News

Classen Curve offers big-city shopping

Six new tenants joined the swanky shopping center in 2011 and the city’s first Whole Foods Market opened across the street.

BY JENNIFER PALMER • Modified: April 29, 2012 at 12:55 am • Published: April 29, 2012

During a recent trip to Dallas, Carolyn Goldman’s brother called her from a Neiman Marcus department store.

“You carry all these brands!” he told his sister, who owns Uptown Kids in the Classen Curve shopping center at Classen and NW Grand.

She does — from fashionable clothes for babies and toddlers by Diesel, Little Marc Jacobs and Appaman to the ultracool Orbit Baby stroller system, seen with countless celebrity parents.

And her store is right here in Oklahoma City.

“You don’t have to go to Dallas to go shopping,” she said. “You don’t have to go out of state or buy online. You can come shop locally.”

Though retailers started opening in Classen Curve back in 2009, the swanky pedestrian-friendly shopping center seemed to hit its stride last year, with the addition of several new stores and a burst of traffic — thanks to the new Whole Foods Market across the street.

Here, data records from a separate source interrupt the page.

(* Let $|\nu|\le1$. For all $T>0$ and $\kappa>0$ there exist $\varepsilon_0>0$, $\gamma_0>0$ and $C>0$ such that \[ \|f\|^2_{L^2(H^\gamma)}=\int_0^T\int_{\mathbb{R}}|f(\tau,k)|^2(|k|^{2\gamma}+1)\,dk\,d\tau\le C\varepsilon^{1-\kappa} \] for all $\gamma\in(0,\gamma_0)$ and all $\varepsilon\in(0,\varepsilon_0)$.
   Context: Here $f=f^{(\varepsilon)}$ is the kernel $f(\tau,k)=e^{\tau\nu}\big[\chi_{(-1/\varepsilon,\infty)}(k)e^{-\tau(2+k\varepsilon)^2k^2}-e^{-4\tau k^2}\big]$ for $\tau\in[0,T]$, $k\in\mathbb{R}$ ($\chi_I$ the indicator of $I$); it is the Fourier symbol of the difference between the rescaled Swift–Hohenberg semigroup and the amplitude-equation semigroup $e^{\tau(4\partial_X^2+\nu)}$. *)

theory Defs
  imports "HOL-Analysis.Analysis"
begin

text \<open>Kernel f^(eps)(tau,k): Fourier symbol of the difference between the rescaled
Swift--Hohenberg semigroup and the amplitude-equation semigroup.\<close>
definition SH_kernel :: "real \<Rightarrow> real \<Rightarrow> real \<Rightarrow> real \<Rightarrow> real" where
  "SH_kernel \<epsilon> \<nu> \<tau> k =
     exp (\<tau> * \<nu>) *
       ((if k \<in> {-1/\<epsilon><..} then exp (- \<tau> * (2 + k * \<epsilon>)^2 * k^2) else 0)
        - exp (- 4 * \<tau> * k^2))"

definition L2Hgamma_sq :: "real \<Rightarrow> real \<Rightarrow> (real \<Rightarrow> real \<Rightarrow> real) \<Rightarrow> ennreal" where
  "L2Hgamma_sq T \<gamma> g =
     (\<integral>\<^sup>+ \<tau>. (\<integral>\<^sup>+ k. ennreal ((g \<tau> k)^2 * (\<bar>k\<bar> powr (2*\<gamma>) + 1)) \<partial>lborel)
        * indicator {0..T} \<tau> \<partial>lborel)"

end

theory Submission
  imports Defs
begin

text \<open>
  Up to the factor \<open>exp (\<tau> * \<nu>)\<close>, the kernel is a difference of two Gaussians in \<open>k\<close> whose
  exponents are both at least \<open>\<tau> k\<^sup>2\<close>. For \<open>\<bar>k\<bar> \<le> 1/\<epsilon>\<close> the exponents differ by at most
  \<open>5 \<epsilon> \<bar>k\<bar> \<tau> k\<^sup>2\<close>, so the mean value bound and \<open>x\<^sup>2 exp (- x) \<le> 4\<close> give
  \<open>f\<^sup>2 = O(\<epsilon>\<^sup>2 k\<^sup>2 exp (- \<tau> k\<^sup>2))\<close>; for larger \<open>\<bar>k\<bar>\<close> one only uses \<open>f\<^sup>2 \<le> exp (- 2 \<tau> k\<^sup>2)\<close>.
  Integration in \<open>\<tau>\<close> absorbs the factor \<open>k\<^sup>2\<close>. For \<open>2 \<gamma> \<le> \<delta>\<close> the \<open>H\<^sup>\<gamma>\<close> weight is at most
  \<open>2 max 1 \<bar>k\<bar> powr \<delta>\<close>, so the low frequencies contribute \<open>O(\<epsilon>\<^sup>2 \<cdot> \<epsilon> powr (- \<delta>) \<cdot> \<epsilon> powr (- 1))\<close>
  and the high ones \<open>O(\<integral>\<^bsub>\<bar>k\<bar> > 1/\<epsilon>\<^esub> \<bar>k\<bar> powr (\<delta> - 2))\<close>, both \<open>O(\<epsilon> powr (1 - \<delta>))\<close>; take \<open>\<delta> \<le> \<kappa>\<close>.
\<close>

lemma exp_minus_diff_le:
  fixes m x y :: real
  assumes "m \<le> x" "m \<le> y"
  shows "\<bar>exp (- x) - exp (- y)\<bar> \<le> exp (- m) * \<bar>x - y\<bar>"
proof -
  have ordered: "exp (- u) - exp (- v) \<le> exp (- m) * (v - u)" if "u \<le> v" "m \<le> u" for u v :: real
  proof -
    have "exp (- u) - exp (- v) = exp (- u) * (1 - exp (- (v - u)))"
      by (simp add: algebra_simps exp_diff[symmetric] exp_add[symmetric])
    also have "\<dots> \<le> exp (- u) * (v - u)"
      using exp_ge_add_one_self[of "u - v"] by (intro mult_left_mono) (auto simp del: exp_ge_add_one_self)
    also have "\<dots> \<le> exp (- m) * (v - u)"
      using that by (intro mult_right_mono) auto
    finally show ?thesis .
  qed
  show ?thesis
  proof (cases "x \<le> y")
    case True
    then show ?thesis using ordered[of x y] assms by simp
  next
    case False
    then show ?thesis using ordered[of y x] assms by simp
  qed
qed

lemma power2_le_4_exp:
  fixes x :: real
  assumes "0 \<le> x"
  shows "x\<^sup>2 \<le> 4 * exp x"
proof -
  have "(1 + x/2)\<^sup>2 \<le> (exp (x/2))\<^sup>2"
    using exp_ge_add_one_self[of "x/2"] assms by (intro power_mono) auto
  also have "(exp (x/2))\<^sup>2 = exp x"
    by (simp add: power2_eq_square exp_add[symmetric])
  finally show ?thesis
    using assms by (simp add: power2_eq_square algebra_simps)
qed

lemma power2_diff_le_max:
  fixes p q :: real
  assumes "0 \<le> p" "0 \<le> q"
  shows "(p - q)\<^sup>2 \<le> max (p\<^sup>2) (q\<^sup>2)"
proof (cases "q \<le> p")
  case True
  then show ?thesis using assms power_mono[of "p - q" p 2] by simp
next
  case False
  then show ?thesis using assms power_mono[of "q - p" q 2] by (simp add: power2_commute)
qed

definition SH_diff :: "real \<Rightarrow> real \<Rightarrow> real \<Rightarrow> real" where
  "SH_diff \<epsilon> \<tau> k =
     (if k \<in> {-1/\<epsilon><..} then exp (- \<tau> * (2 + k * \<epsilon>)\<^sup>2 * k\<^sup>2) else 0) - exp (- 4 * \<tau> * k\<^sup>2)"

lemma SH_kernel_sq: "(SH_kernel \<epsilon> \<nu> \<tau> k)\<^sup>2 = (exp (\<tau> * \<nu>))\<^sup>2 * (SH_diff \<epsilon> \<tau> k)\<^sup>2"
  by (simp add: SH_kernel_def SH_diff_def power_mult_distrib)

lemma SH_exponent_ge:
  fixes \<epsilon> \<tau> k :: real
  assumes "0 \<le> \<tau>" "-1 < k * \<epsilon>"
  shows "\<tau> * k\<^sup>2 \<le> \<tau> * (2 + k * \<epsilon>)\<^sup>2 * k\<^sup>2"
proof -
  have "1 \<le> (2 + k * \<epsilon>)\<^sup>2"
    using assms(2) by (intro one_le_power) linarith
  from mult_right_mono[OF mult_left_mono[OF this assms(1)], of "k\<^sup>2"] show ?thesis
    by simp
qed

lemma SH_diff_sq_le:
  fixes \<epsilon> \<tau> k :: real
  assumes "0 < \<epsilon>" "0 \<le> \<tau>"
  shows "(SH_diff \<epsilon> \<tau> k)\<^sup>2 \<le> exp (- (2 * k\<^sup>2) * \<tau>)"
proof -
  have sq: "(exp (- a))\<^sup>2 \<le> exp (- (2 * k\<^sup>2) * \<tau>)" if "\<tau> * k\<^sup>2 \<le> a" for a
  proof -
    have "(exp (- a))\<^sup>2 = exp (- 2 * a)"
      by (simp add: power2_eq_square exp_add[symmetric])
    then show ?thesis using that by (simp add: algebra_simps)
  qed
  have fast: "(exp (- 4 * \<tau> * k\<^sup>2))\<^sup>2 \<le> exp (- (2 * k\<^sup>2) * \<tau>)"
    using sq[of "4 * \<tau> * k\<^sup>2"] assms by (simp add: mult_right_mono)
  show ?thesis
  proof (cases "k \<in> {-1/\<epsilon><..}")
    case True
    then have "-1 < k * \<epsilon>" using assms by (simp add: field_simps)
    then have "(exp (- \<tau> * (2 + k * \<epsilon>)\<^sup>2 * k\<^sup>2))\<^sup>2 \<le> exp (- (2 * k\<^sup>2) * \<tau>)"
      using sq SH_exponent_ge[OF assms(2)] by simp
    then show ?thesis
      using True fast power2_diff_le_max[of "exp (- \<tau> * (2 + k * \<epsilon>)\<^sup>2 * k\<^sup>2)" "exp (- 4 * \<tau> * k\<^sup>2)"]
      by (simp add: SH_diff_def)
  next
    case False
    then show ?thesis using fast by (simp add: SH_diff_def)
  qed
qed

Classen Curve, as well as its sister shopping center, The Triangle at Classen Curve, which houses Whole Foods and Anthropologie, are developed by Chesapeake Energy Corp. The retail centers have attracted the hottest eateries and new retail concepts as well as old favorites.

Some highlights

•Six new tenants opened in Classen Curve in 2011, including Steven Giles men’s clothing store, Carwin’s Shave Shop, design firm Winter House Interiors, Black Optical eyewear, BD Home furniture store and Green Goodies cupcakes. Steven Giles and Green Goodies relocated from Nichols Hills locations, and Winter House Interiors moved from Northpark Mall.